There’s also a smaller pocket at the top of the District 24 for quick-grab items. It’s a simple dump pocket, with the only real feature being the built-in key leash. The key leash’s strap isn’t very long, so you’ll have to detach your keys if you want to unlock something. We dig that the pocket’s interior retains the light blue color of the outer fabric as it makes visibility much brighter.
The District 24’s teardrop shape not only applies to its overall profile, but you also see it with how the main compartment opens. The bag unzips from the top with the zipper track curving forward as it goes down to the sides. Gussets at the sides stop it from fully folding down, and instead, you get an accordion-style interior. The wide opening is great for everyday access, but what if it can be wider?
For most bags with a gusseted opening, this is where the story stops. You get a compromise between a horseshoe-style and a clamshell-style opening, but neither extremes. However, the District 24’s gussets are attached via loop and hook fasteners, meaning they can be disengaged, as well as folded down. With the gussets out of the way, this allows you to pack the District 24 easily like a regular clamshell backpack.

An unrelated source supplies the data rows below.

lemma second_difference_mean_value:
  fixes G Gx Gxy :: "real \<Rightarrow> real \<Rightarrow> real"
  assumes h: "0 < h" "h \<le> e"
    and dx: "\<And>s t. s \<in> {0..e} \<Longrightarrow> t \<in> {0..e} \<Longrightarrow>
               ((\<lambda>s. G s t) has_real_derivative Gx s t) (at s within {0..e})"
    and dxy: "\<And>s t. s \<in> {0..e} \<Longrightarrow> t \<in> {0..e} \<Longrightarrow>
               ((\<lambda>t. Gx s t) has_real_derivative Gxy s t) (at t within {0..e})"
  obtains \<xi> \<eta> where "\<xi> \<in> {0<..<h}" "\<eta> \<in> {0<..<h}" "G h h - G h 0 - G 0 h + G 0 0 = h * h * Gxy \<xi> \<eta>"
proof -
  have sub: "{0..h} \<subseteq> {0..e}" using h by auto
  obtain \<xi> where \<xi>: "\<xi> \<in> {0<..<h}" "(G h h - G h 0) - (G 0 h - G 0 0) = h * (Gx \<xi> h - Gx \<xi> 0)"
    by (rule real_mvt_within[of 0 h "\<lambda>s. G s h - G s 0"])
      (use h sub in \<open>auto intro!: DERIV_diff has_field_derivative_subset[OF dx sub]\<close>)
  obtain \<eta> where \<eta>: "\<eta> \<in> {0<..<h}" "Gx \<xi> h - Gx \<xi> 0 = h * Gxy \<xi> \<eta>"
    by (rule real_mvt_within[of 0 h "Gx \<xi>"])
      (use h sub \<xi>(1) in \<open>auto intro!: has_field_derivative_subset[OF dxy sub]\<close>)
  show ?thesis using that[OF \<xi>(1) \<eta>(1)] \<xi>(2) \<eta>(2) by (simp add: algebra_simps)
qed

text \<open>Schwarz's theorem at the corner of a square, where only one-sided derivatives exist.
  By the mean value theorem, applied in either order, the second difference over \<open>[0,h]\<^sup>2\<close>
  is \<open>h\<^sup>2 G\<^sub>x\<^sub>y\<close> and also \<open>h\<^sup>2 G\<^sub>y\<^sub>x\<close> at points of \<open>(0,h)\<^sup>2\<close>; now let \<open>h \<rightarrow> 0\<close>.\<close>

lemma mixed_partials_eq_at_corner:
  fixes G Gx Gy Gxy Gyx :: "real \<Rightarrow> real \<Rightarrow> real"
  assumes e: "e > 0"
    and dx: "\<And>s t. s \<in> {0..e} \<Longrightarrow> t \<in> {0..e} \<Longrightarrow>
               ((\<lambda>s. G s t) has_real_derivative Gx s t) (at s within {0..e})"
    and dy: "\<And>s t. s \<in> {0..e} \<Longrightarrow> t \<in> {0..e} \<Longrightarrow>
               ((\<lambda>t. G s t) has_real_derivative Gy s t) (at t within {0..e})"
    and dxy: "\<And>s t. s \<in> {0..e} \<Longrightarrow> t \<in> {0..e} \<Longrightarrow>
               ((\<lambda>t. Gx s t) has_real_derivative Gxy s t) (at t within {0..e})"
    and dyx: "\<And>s t. s \<in> {0..e} \<Longrightarrow> t \<in> {0..e} \<Longrightarrow>
               ((\<lambda>s. Gy s t) has_real_derivative Gyx s t) (at s within {0..e})"
    and cxy: "continuous (at (0, 0) within {0..e} \<times> {0..e}) (\<lambda>p. Gxy (fst p) (snd p))"
    and cyx: "continuous (at (0, 0) within {0..e} \<times> {0..e}) (\<lambda>p. Gyx (fst p) (snd p))"
  shows "Gxy 0 0 = Gyx 0 0"
proof (rule ccontr)
  assume "Gxy 0 0 \<noteq> Gyx 0 0"
  define \<epsilon> where "\<epsilon> = \<bar>Gxy 0 0 - Gyx 0 0\<bar> / 2"
  have "\<epsilon> > 0" using \<open>Gxy 0 0 \<noteq> Gyx 0 0\<close> by (simp add: \<epsilon>_def)
  obtain \<delta>1 \<delta>2 where \<delta>: "\<delta>1 > 0" "\<delta>2 > 0"
    and near: "\<And>p. p \<in> {0..e} \<times> {0..e} \<Longrightarrow> dist p (0, 0) < \<delta>1 \<Longrightarrow>
                  \<bar>Gxy (fst p) (snd p) - Gxy 0 0\<bar> < \<epsilon>"
      "\<And>p. p \<in> {0..e} \<times> {0..e} \<Longrightarrow> dist p (0, 0) < \<delta>2 \<Longrightarrow>
                  \<bar>Gyx (fst p) (snd p) - Gyx 0 0\<bar> < \<epsilon>"
    using cxy cyx \<open>\<epsilon> > 0\<close> unfolding continuous_within_eps_delta dist_real_def by fastforce
  define h where "h = min e (min \<delta>1 \<delta>2) / 2"
  have h: "0 < h" "h \<le> e" "2 * h \<le> \<delta>1" "2 * h \<le> \<delta>2" using e \<delta> by (auto simp: h_def)
  have close: "dist (s, t) (0, 0) < 2 * h" if "s \<in> {0<..<h}" "t \<in> {0<..<h}" for s t
    using sqrt_sum_squares_le_sum_abs[of s t] that by (simp add: dist_Pair_Pair)
  obtain \<xi> \<eta> where \<xi>\<eta>: "\<xi> \<in> {0<..<h}" "\<eta> \<in> {0<..<h}"
    "G h h - G h 0 - G 0 h + G 0 0 = h * h * Gxy \<xi> \<eta>"
    using second_difference_mean_value[OF h(1,2) dx dxy] by blast
  obtain \<eta>' \<xi>' where \<xi>\<eta>': "\<eta>' \<in> {0<..<h}" "\<xi>' \<in> {0<..<h}"
    "G h h - G 0 h - G h 0 + G 0 0 = h * h * Gyx \<xi>' \<eta>'"
    using second_difference_mean_value[of h e "\<lambda>s t. G t s" "\<lambda>s t. Gy t s" "\<lambda>s t. Gyx t s"]
      h(1,2) dy dyx by blast
  have "h * h * Gxy \<xi> \<eta> = h * h * Gyx \<xi>' \<eta>'" using \<xi>\<eta>(3) \<xi>\<eta>'(3) by linarith
  then have "Gxy \<xi> \<eta> = Gyx \<xi>' \<eta>'" using h(1) by simp
  moreover have "\<bar>Gxy \<xi> \<eta> - Gxy 0 0\<bar> < \<epsilon>"
    using near(1)[of "(\<xi>, \<eta>)"] close[OF \<xi>\<eta>(1,2)] \<xi>\<eta>(1,2) h by auto
  moreover have "\<bar>Gyx \<xi>' \<eta>' - Gyx 0 0\<bar> < \<epsilon>"
    using near(2)[of "(\<xi>', \<eta>')"] close[OF \<xi>\<eta>'(2,1)] \<xi>\<eta>'(1,2) h by auto
  ultimately show False unfolding \<epsilon>_def by (simp add: abs_if split: if_splits)
qed

lemma has_derivative_real_direction_zero:
  assumes "open \<Omega>" "z \<in> \<Omega>" "Im z = 0"
    and "(f has_derivative f') (at z within \<Omega> \<inter> {z. 0 \<le> Im z})"
    and "\<And>w. w \<in> \<Omega> \<Longrightarrow> Im w = 0 \<Longrightarrow> f w = 0"
  shows "f' 1 = 0"
proof -
  obtain e where "e > 0" "\<And>s t. s \<in> {0..e} \<Longrightarrow> t \<in> {0..e} \<Longrightarrow> z + Complex s t \<in> \<Omega>"
    using open_contains_corner_square[OF assms(1,2)] by blast
  moreover have "z + s *\<^sub>R 1 = z + Complex s 0" for s by (simp add: complex_eq_iff)
  ultimately show ?thesis
    using assms(3,5) by (intro has_derivative_zero_along_segment[OF assms(4)]) auto
qed

lemma has_derivative_normal_direction_zero:
  assumes "open \<Omega>" "z \<in> \<Omega>" "Im z = 0"
    and "(f has_derivative f') (at z within \<Omega> \<inter> {z. 0 \<le> Im z})"
    and "\<And>w. w \<in> \<Omega> \<Longrightarrow> Im w \<ge> 0 \<Longrightarrow> f w = 0"
  shows "f' \<i> = 0"
proof -
  obtain e where "e > 0" "\<And>s t. s \<in> {0..e} \<Longrightarrow> t \<in> {0..e} \<Longrightarrow> z + Complex s t \<in> \<Omega>"
    using open_contains_corner_square[OF assms(1,2)] by blast
  moreover have "z + t *\<^sub>R \<i> = z + Complex 0 t" for t by (simp add: complex_eq_iff)
  ultimately show ?thesis
    using assms(3,5) by (intro has_derivative_zero_along_segment[OF assms(4)]) auto
qed

lemma partial_derivatives_on_corner_square:
  assumes f: "\<And>w. w \<in> U \<Longrightarrow> (f has_derivative (\<lambda>v. Re v *\<^sub>R fx w + Im v *\<^sub>R fy w)) (at w within U)"
    and square: "\<And>s t. s \<in> {0..e} \<Longrightarrow> t \<in> {0..e} \<Longrightarrow> z + Complex s t \<in> U"
    and st: "s \<in> {0..e}" "t \<in> {0..e}"
  shows "((\<lambda>s. f (z + Complex s t)) has_vector_derivative fx (z + Complex s t)) (at s within {0..e})"
    and "((\<lambda>t. f (z + Complex s t)) has_vector_derivative fy (z + Complex s t)) (at t within {0..e})"
proof -
  let ?w = "z + Complex s t"
  have x: "z + Complex s' t = (z + Complex 0 t) + s' *\<^sub>R 1" for s' by (simp add: complex_eq_iff)
  show "((\<lambda>s. f (z + Complex s t)) has_vector_derivative fx ?w) (at s within {0..e})"
    using has_vector_derivative_along_line[of f "\<lambda>v. Re v *\<^sub>R fx ?w + Im v *\<^sub>R fy ?w"
        "z + Complex 0 t" s 1 U "{0..e}"] f[OF square[OF st]] square st(2)
    by (auto simp: image_subset_iff simp flip: x)
  have y: "z + Complex s t' = (z + Complex s 0) + t' *\<^sub>R \<i>" for t' by (simp add: complex_eq_iff)
  show "((\<lambda>t. f (z + Complex s t)) has_vector_derivative fy ?w) (at t within {0..e})"
    using has_vector_derivative_along_line[of f "\<lambda>v. Re v *\<^sub>R fx ?w + Im v *\<^sub>R fy ?w"
        "z + Complex s 0" t \<i> U "{0..e}"] f[OF square[OF st]] square st(1)
    by (auto simp: image_subset_iff simp flip: y)
qed

lemma C2_partials_mixed_eq:
  assumes "open \<Omega>" and C2: "C2_partials (\<Omega> \<inter> {z. 0 \<le> Im z}) \<psi> \<psi>x \<psi>y \<psi>xx \<psi>xy \<psi>yx \<psi>yy"
    and z: "z \<in> \<Omega>" "0 \<le> Im z"
  shows "\<psi>xy z = \<psi>yx z"
proof -
  let ?U = "\<Omega> \<inter> {z. 0 \<le> Im z}" and ?P = "\<lambda>p. z + Complex (fst p) (snd p)"
  obtain e where e: "e > 0" "\<And>s t. s \<in> {0..e} \<Longrightarrow> t \<in> {0..e} \<Longrightarrow> z + Complex s t \<in> \<Omega>"
    using open_contains_corner_square[OF assms(1) z(1)] by blast
  then have square: "z + Complex s t \<in> ?U" if "s \<in> {0..e}" "t \<in> {0..e}" for s t
    using that z(2) by simp
  \<comment> \<open>Pair everything with \<open>c\<close> to reduce to the scalar case, which then gives \<open>\<langle>c, c\<rangle> = 0\<close>.\<close>
  define c where "c = \<psi>xy z - \<psi>yx z"
  have scalar: "((\<lambda>x. inner (g x) c) has_real_derivative inner g' c) F"
    if "(g has_vector_derivative g') F" for g :: "real \<Rightarrow> L4" and g' F
    using bounded_linear.has_vector_derivative[OF bounded_linear_inner_left that]
    by (simp add: has_real_derivative_iff_has_vector_derivative)
  have continuous: "continuous (at (0, 0) within {0..e} \<times> {0..e}) (\<lambda>p. inner (f (?P p)) c)"
    if "continuous_on ?U f" for f :: "complex \<Rightarrow> L4"
  proof -
    have "continuous_on ({0..e} \<times> {0..e}) (\<lambda>p. inner (f (?P p)) c)"
      using square by (intro continuous_intros continuous_on_compose2[OF that]) auto
    then show ?thesis using e(1) by (simp add: continuous_on_eq_continuous_within)
  qed
  have d0: "\<And>w. w \<in> ?U \<Longrightarrow> (\<psi> has_derivative (\<lambda>v. Re v *\<^sub>R \<psi>x w + Im v *\<^sub>R \<psi>y w)) (at w within ?U)"
    and d1: "\<And>w. w \<in> ?U \<Longrightarrow> (\<psi>x has_derivative (\<lambda>v. Re v *\<^sub>R \<psi>xx w + Im v *\<^sub>R \<psi>xy w)) (at w within ?U)"
    and d2: "\<And>w. w \<in> ?U \<Longrightarrow> (\<psi>y has_derivative (\<lambda>v. Re v *\<^sub>R \<psi>yx w + Im v *\<^sub>R \<psi>yy w)) (at w within ?U)"
    and "continuous_on ?U \<psi>xy" "continuous_on ?U \<psi>yx"
    using C2 by (simp_all add: C2_partials_def)
  note pd0 = partial_derivatives_on_corner_square[OF d0 square]
    and pd1 = partial_derivatives_on_corner_square[OF d1 square]
    and pd2 = partial_derivatives_on_corner_square[OF d2 square]
  have "inner (\<psi>xy (z + Complex 0 0)) c = inner (\<psi>yx (z + Complex 0 0)) c"
    apply (rule mixed_partials_eq_at_corner[OF e(1),
          where G = "\<lambda>s t. inner (\<psi> (z + Complex s t)) c" and Gx = "\<lambda>s t. inner (\<psi>x (z + Complex s t)) c"
          and Gy = "\<lambda>s t. inner (\<psi>y (z + Complex s t)) c"
          and Gxy = "\<lambda>s t. inner (\<psi>xy (z + Complex s t)) c"
          and Gyx = "\<lambda>s t. inner (\<psi>yx (z + Complex s t)) c"])
    subgoal by (rule scalar, rule pd0(1))
    subgoal by (rule scalar, rule pd0(2))
    subgoal by (rule scalar, rule pd1(2))
    subgoal by (rule scalar, rule pd2(1))
    subgoal by (rule continuous) fact
    subgoal by (rule continuous) fact
    done
  moreover have "z + Complex 0 0 = z" by (simp add: complex_eq_iff)
  ultimately have "inner c c = 0" by (simp add: c_def inner_diff_left)
  then show ?thesis by (simp add: c_def)
qed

It’s worth noting that, despite the District 24’s curved teardrop shape, it’s able to stand on its own with the gussets engaged. This is an area where the District 24’s versatility really stands out. You can fully open it like a clamshell and lay it out on your bed when you’re packing it in your hotel room. On the go, you can open it accordion-style, and it will stay standing up beside you whether you’re in a cafe or airport lounge.
Because of the foldable gussets, the main compartment’s layout is quite compartmentalized. At the back, you get your standard laptop sleeve with a false bottom and a fairly rigid frame sheet. These two form a good combination since a false bottom won’t do you any good if there’s no solid frame sheet to absorb an impact.
In front of the laptop sleeve is a divider pocket for an additional device like a tablet or a travel-sized keyboard. Flanking this divider pocket are elastic loops where you can attach accessory straps. Alternatively, you can do what we did and use it to hold something slender like our Roost V3 Laptop Stand.
With the gussets engaged, you get some free floating space in the middle where you can put the bulk of your gear, like packing cubes and thick clothing. The other side towards the front also features ample space for a hoodie and a pouch, though it’s meant for flatter items. You also get some organization here in the form of two liner pockets, each wide and deep enough for our Kindle, let alone our iPhone 13 Pro Max.
The District 24 is a good example of Mystery Ranch’s clever engineering of a bag’s accessibility and use of space. The bag has a ton of organization and is very compartmentalized, but it doesn’t feel too cramped, either; it’s just right for the rated 23-liter capacity. It’s unfortunate that it’s missing the brand’s signature carrying comfort, though, since that would’ve made it the ideal Mystery Ranch backpack.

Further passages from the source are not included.